*** DATASET ENTRIES
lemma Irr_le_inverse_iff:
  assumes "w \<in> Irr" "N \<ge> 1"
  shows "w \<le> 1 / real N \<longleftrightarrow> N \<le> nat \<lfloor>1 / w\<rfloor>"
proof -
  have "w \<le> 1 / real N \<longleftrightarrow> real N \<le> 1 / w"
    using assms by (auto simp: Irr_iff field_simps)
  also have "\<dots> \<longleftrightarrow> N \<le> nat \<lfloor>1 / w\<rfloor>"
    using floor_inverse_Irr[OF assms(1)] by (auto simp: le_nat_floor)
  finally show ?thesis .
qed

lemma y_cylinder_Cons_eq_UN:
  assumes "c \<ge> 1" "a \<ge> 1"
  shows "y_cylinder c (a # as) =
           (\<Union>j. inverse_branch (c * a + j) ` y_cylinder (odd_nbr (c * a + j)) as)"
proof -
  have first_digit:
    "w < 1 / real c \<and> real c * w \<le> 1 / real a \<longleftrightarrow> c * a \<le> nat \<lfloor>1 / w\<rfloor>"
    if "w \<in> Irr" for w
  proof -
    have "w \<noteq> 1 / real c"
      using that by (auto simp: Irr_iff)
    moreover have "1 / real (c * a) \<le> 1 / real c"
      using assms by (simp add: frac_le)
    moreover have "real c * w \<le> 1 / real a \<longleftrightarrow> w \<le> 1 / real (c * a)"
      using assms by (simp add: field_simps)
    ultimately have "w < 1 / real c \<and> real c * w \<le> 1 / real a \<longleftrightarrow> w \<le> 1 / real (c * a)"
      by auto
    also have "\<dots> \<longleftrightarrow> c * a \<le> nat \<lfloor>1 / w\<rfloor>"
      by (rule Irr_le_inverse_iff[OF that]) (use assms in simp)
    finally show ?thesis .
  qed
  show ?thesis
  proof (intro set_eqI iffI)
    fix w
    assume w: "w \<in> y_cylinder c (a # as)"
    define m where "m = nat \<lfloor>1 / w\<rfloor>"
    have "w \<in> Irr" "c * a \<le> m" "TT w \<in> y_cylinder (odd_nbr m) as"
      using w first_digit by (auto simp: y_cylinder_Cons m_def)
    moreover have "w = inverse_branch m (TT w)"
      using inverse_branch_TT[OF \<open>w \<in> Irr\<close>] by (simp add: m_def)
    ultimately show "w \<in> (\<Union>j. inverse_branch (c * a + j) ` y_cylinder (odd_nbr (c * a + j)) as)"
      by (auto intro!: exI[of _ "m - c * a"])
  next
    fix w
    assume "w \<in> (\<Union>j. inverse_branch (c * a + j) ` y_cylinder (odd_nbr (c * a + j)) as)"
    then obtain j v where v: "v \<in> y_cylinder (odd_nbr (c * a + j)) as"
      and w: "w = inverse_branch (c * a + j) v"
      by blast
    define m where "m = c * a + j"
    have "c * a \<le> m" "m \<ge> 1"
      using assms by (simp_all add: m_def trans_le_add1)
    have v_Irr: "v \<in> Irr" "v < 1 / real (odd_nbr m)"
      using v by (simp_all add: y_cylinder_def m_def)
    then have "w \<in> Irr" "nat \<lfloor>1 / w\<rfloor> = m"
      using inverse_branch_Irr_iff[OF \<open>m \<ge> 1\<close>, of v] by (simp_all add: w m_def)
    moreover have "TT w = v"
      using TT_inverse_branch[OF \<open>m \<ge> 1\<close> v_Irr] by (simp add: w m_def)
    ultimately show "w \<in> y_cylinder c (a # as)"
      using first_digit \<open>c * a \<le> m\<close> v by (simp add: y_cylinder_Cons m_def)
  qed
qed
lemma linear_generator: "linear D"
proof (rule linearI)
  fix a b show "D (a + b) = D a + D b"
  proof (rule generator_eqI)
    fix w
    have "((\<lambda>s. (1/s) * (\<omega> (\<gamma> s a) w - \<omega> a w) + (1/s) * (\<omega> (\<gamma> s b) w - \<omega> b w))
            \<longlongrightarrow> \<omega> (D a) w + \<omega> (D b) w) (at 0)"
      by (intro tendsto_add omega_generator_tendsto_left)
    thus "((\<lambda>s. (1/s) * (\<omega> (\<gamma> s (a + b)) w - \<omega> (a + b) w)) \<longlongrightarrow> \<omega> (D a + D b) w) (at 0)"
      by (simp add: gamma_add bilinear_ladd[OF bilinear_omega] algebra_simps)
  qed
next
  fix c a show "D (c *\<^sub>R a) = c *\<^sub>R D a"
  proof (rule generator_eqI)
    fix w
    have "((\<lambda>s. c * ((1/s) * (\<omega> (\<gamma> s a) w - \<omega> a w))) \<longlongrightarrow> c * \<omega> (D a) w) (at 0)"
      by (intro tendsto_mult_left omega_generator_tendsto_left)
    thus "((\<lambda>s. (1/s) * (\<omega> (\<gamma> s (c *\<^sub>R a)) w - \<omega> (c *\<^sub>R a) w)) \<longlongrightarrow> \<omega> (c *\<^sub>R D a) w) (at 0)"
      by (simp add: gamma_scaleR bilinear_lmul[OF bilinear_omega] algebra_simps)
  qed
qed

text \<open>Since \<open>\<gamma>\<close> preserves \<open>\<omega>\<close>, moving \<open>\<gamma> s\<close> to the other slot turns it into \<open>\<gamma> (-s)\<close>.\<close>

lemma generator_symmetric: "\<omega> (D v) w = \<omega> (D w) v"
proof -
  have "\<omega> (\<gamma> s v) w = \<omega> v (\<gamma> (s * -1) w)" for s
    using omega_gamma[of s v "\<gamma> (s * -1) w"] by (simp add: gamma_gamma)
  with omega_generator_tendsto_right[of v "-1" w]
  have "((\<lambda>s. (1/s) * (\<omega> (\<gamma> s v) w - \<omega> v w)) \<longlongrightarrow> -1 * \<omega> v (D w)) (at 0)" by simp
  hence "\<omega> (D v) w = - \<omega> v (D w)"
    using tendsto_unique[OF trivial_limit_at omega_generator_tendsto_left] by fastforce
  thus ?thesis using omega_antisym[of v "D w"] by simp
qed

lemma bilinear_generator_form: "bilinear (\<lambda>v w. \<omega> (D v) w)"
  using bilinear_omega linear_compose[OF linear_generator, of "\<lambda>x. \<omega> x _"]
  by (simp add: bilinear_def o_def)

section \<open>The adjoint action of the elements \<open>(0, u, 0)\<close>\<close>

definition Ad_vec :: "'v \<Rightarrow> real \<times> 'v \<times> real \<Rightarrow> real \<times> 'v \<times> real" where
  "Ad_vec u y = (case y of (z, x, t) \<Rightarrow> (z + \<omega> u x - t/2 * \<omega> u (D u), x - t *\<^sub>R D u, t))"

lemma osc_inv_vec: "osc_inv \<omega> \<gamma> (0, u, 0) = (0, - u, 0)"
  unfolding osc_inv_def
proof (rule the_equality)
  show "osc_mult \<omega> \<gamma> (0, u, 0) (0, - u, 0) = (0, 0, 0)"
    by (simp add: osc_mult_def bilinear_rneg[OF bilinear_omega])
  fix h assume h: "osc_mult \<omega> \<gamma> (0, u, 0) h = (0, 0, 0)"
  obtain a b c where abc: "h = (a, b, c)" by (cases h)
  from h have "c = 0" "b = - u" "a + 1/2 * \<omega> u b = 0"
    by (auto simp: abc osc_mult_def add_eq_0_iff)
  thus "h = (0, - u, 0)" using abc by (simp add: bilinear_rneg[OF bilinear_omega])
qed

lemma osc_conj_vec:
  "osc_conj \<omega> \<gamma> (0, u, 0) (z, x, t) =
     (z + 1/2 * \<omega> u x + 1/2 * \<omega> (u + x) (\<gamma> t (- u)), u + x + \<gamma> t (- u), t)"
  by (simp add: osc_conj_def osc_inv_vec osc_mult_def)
******
*** DATASET ENTRIES
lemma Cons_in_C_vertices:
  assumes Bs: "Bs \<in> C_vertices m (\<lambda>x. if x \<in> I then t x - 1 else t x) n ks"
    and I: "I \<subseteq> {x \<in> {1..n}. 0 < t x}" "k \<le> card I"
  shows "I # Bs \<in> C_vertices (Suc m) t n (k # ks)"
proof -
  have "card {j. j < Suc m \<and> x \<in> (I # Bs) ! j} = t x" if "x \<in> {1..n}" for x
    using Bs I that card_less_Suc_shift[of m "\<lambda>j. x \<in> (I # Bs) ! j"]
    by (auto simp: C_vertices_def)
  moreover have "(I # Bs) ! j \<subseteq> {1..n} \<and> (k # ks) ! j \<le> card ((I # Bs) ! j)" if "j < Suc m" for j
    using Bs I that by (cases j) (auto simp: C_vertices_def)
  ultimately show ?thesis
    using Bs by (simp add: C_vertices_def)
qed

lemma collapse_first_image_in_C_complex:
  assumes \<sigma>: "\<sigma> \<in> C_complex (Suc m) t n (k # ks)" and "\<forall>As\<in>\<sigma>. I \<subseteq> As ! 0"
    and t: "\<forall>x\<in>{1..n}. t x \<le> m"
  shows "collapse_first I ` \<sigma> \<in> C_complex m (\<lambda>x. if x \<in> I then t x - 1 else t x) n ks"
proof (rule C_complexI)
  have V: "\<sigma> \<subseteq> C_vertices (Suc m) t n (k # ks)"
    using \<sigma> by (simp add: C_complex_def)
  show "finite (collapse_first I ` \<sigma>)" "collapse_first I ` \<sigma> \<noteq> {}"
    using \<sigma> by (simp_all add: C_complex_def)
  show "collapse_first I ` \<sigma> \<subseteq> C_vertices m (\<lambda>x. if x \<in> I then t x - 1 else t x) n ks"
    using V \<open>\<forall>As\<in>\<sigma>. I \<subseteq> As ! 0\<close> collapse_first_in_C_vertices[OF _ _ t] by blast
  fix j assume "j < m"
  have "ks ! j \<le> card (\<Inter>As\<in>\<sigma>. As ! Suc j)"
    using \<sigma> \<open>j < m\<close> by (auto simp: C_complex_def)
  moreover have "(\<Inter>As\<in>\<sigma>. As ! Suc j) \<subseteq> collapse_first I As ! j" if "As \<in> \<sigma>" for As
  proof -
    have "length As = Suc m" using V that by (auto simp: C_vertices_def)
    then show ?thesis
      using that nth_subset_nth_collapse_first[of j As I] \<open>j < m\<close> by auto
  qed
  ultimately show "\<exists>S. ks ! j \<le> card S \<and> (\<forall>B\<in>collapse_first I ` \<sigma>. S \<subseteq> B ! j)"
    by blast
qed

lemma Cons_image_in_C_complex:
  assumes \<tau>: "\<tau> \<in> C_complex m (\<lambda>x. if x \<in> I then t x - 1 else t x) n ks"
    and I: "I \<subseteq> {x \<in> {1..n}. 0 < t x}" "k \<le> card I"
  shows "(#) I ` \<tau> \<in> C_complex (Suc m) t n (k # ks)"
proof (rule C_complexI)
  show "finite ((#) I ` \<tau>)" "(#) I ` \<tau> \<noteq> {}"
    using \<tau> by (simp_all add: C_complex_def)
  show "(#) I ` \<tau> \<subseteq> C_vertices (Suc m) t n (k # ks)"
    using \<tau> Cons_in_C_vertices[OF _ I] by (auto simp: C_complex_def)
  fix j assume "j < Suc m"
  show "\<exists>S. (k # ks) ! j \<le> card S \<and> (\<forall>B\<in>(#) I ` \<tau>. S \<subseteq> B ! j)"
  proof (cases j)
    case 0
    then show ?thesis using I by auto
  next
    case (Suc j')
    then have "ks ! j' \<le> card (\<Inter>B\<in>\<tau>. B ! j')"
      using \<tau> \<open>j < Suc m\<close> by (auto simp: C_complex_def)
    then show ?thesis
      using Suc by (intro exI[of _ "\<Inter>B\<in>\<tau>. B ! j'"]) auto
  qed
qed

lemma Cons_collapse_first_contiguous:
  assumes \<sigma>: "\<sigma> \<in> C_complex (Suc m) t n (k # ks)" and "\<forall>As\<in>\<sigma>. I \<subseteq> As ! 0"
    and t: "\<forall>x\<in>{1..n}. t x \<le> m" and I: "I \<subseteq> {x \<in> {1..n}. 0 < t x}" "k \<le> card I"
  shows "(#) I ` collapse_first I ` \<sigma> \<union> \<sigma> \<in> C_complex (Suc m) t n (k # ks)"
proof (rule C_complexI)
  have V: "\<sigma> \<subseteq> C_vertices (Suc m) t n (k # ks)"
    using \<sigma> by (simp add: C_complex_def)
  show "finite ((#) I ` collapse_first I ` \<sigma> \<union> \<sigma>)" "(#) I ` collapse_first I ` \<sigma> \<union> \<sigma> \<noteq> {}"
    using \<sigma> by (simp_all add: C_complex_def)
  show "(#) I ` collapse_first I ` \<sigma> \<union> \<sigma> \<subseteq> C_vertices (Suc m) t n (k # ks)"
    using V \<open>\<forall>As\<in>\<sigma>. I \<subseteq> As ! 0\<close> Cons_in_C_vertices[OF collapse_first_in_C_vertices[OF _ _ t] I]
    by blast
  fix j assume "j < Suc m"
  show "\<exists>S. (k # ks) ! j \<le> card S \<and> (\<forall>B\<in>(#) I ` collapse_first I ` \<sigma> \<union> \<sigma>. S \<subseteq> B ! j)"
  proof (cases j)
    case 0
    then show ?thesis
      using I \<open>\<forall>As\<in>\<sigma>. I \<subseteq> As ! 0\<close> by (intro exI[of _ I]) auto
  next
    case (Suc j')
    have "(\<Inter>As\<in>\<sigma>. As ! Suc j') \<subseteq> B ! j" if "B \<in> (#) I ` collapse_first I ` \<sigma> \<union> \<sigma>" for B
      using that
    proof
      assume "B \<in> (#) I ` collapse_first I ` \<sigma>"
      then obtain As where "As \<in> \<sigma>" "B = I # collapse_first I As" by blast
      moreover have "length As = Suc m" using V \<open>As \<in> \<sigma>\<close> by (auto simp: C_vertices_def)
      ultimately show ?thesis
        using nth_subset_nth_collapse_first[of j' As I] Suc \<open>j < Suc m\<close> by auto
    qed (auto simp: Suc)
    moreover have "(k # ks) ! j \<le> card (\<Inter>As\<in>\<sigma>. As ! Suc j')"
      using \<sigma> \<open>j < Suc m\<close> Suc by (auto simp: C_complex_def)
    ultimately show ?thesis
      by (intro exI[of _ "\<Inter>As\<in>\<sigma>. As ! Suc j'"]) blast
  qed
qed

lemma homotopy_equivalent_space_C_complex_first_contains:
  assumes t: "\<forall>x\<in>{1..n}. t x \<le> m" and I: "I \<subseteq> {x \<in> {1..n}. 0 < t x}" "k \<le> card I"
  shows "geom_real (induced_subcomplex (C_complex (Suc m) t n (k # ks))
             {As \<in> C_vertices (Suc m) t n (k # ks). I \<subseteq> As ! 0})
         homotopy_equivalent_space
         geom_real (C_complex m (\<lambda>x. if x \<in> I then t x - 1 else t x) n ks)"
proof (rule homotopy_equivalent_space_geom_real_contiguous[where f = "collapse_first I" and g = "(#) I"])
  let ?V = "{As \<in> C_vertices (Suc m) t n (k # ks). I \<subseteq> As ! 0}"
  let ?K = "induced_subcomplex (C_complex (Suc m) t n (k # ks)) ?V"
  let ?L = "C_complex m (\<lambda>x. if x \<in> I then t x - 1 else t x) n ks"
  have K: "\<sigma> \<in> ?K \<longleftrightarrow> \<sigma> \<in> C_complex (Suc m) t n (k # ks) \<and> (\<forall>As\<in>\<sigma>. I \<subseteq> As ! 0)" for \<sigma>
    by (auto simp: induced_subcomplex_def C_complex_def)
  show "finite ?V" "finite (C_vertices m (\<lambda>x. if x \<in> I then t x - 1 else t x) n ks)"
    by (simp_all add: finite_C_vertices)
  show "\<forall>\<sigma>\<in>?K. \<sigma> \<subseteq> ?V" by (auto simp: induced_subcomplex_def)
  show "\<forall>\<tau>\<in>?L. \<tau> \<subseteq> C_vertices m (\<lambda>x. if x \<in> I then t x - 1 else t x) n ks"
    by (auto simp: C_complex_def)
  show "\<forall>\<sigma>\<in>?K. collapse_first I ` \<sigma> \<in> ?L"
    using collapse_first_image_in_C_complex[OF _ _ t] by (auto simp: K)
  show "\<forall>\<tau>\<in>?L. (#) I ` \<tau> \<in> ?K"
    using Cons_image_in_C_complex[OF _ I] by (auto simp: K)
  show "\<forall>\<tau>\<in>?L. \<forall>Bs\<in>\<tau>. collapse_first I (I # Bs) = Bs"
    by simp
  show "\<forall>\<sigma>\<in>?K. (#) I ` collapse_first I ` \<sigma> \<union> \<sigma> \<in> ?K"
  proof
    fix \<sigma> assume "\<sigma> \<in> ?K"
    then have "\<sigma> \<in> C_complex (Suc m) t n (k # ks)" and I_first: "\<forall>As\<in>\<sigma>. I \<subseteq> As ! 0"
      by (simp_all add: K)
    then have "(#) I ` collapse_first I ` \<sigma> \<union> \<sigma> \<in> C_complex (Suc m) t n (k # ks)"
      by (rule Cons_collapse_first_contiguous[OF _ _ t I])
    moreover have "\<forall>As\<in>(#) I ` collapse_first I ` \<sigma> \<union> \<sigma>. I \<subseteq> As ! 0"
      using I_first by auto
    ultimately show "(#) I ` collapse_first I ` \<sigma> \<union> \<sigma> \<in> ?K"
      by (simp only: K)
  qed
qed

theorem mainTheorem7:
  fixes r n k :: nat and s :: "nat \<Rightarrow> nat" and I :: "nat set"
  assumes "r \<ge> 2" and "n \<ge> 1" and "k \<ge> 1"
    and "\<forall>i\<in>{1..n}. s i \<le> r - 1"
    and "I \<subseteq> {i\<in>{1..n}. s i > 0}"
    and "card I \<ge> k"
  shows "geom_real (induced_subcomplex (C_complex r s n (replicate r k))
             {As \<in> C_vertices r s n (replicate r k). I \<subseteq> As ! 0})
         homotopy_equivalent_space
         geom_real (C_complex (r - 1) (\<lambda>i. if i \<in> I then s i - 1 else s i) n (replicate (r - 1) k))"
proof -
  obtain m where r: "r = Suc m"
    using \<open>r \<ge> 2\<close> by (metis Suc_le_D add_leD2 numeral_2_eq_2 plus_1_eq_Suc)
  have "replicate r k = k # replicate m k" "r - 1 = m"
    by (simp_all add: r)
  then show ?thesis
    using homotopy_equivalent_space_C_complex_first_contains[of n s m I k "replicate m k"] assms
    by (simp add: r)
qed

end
******
- _PROBLEM DETAILS_
Look above for the line containing "add: bilinear_rneg[OF bilinear_omega])" and the line containing "by (simp add: osc_conj_def". Transcribe both, with the lines between them, exactly.

- _RESPONSE BOX_
  thus "h = (0, - u, 0)" using abc by (simp add: bilinear_rneg[OF bilinear_omega])
qed

lemma osc_conj_vec:
  "osc_conj \<omega> \<gamma> (0, u, 0) (z, x, t) =
     (z + 1/2 * \<omega> u x + 1/2 * \<omega> (u + x) (\<gamma> t (- u)), u + x + \<gamma> t (- u), t)"
  by (simp add: osc_conj_def osc_inv_vec osc_mult_def)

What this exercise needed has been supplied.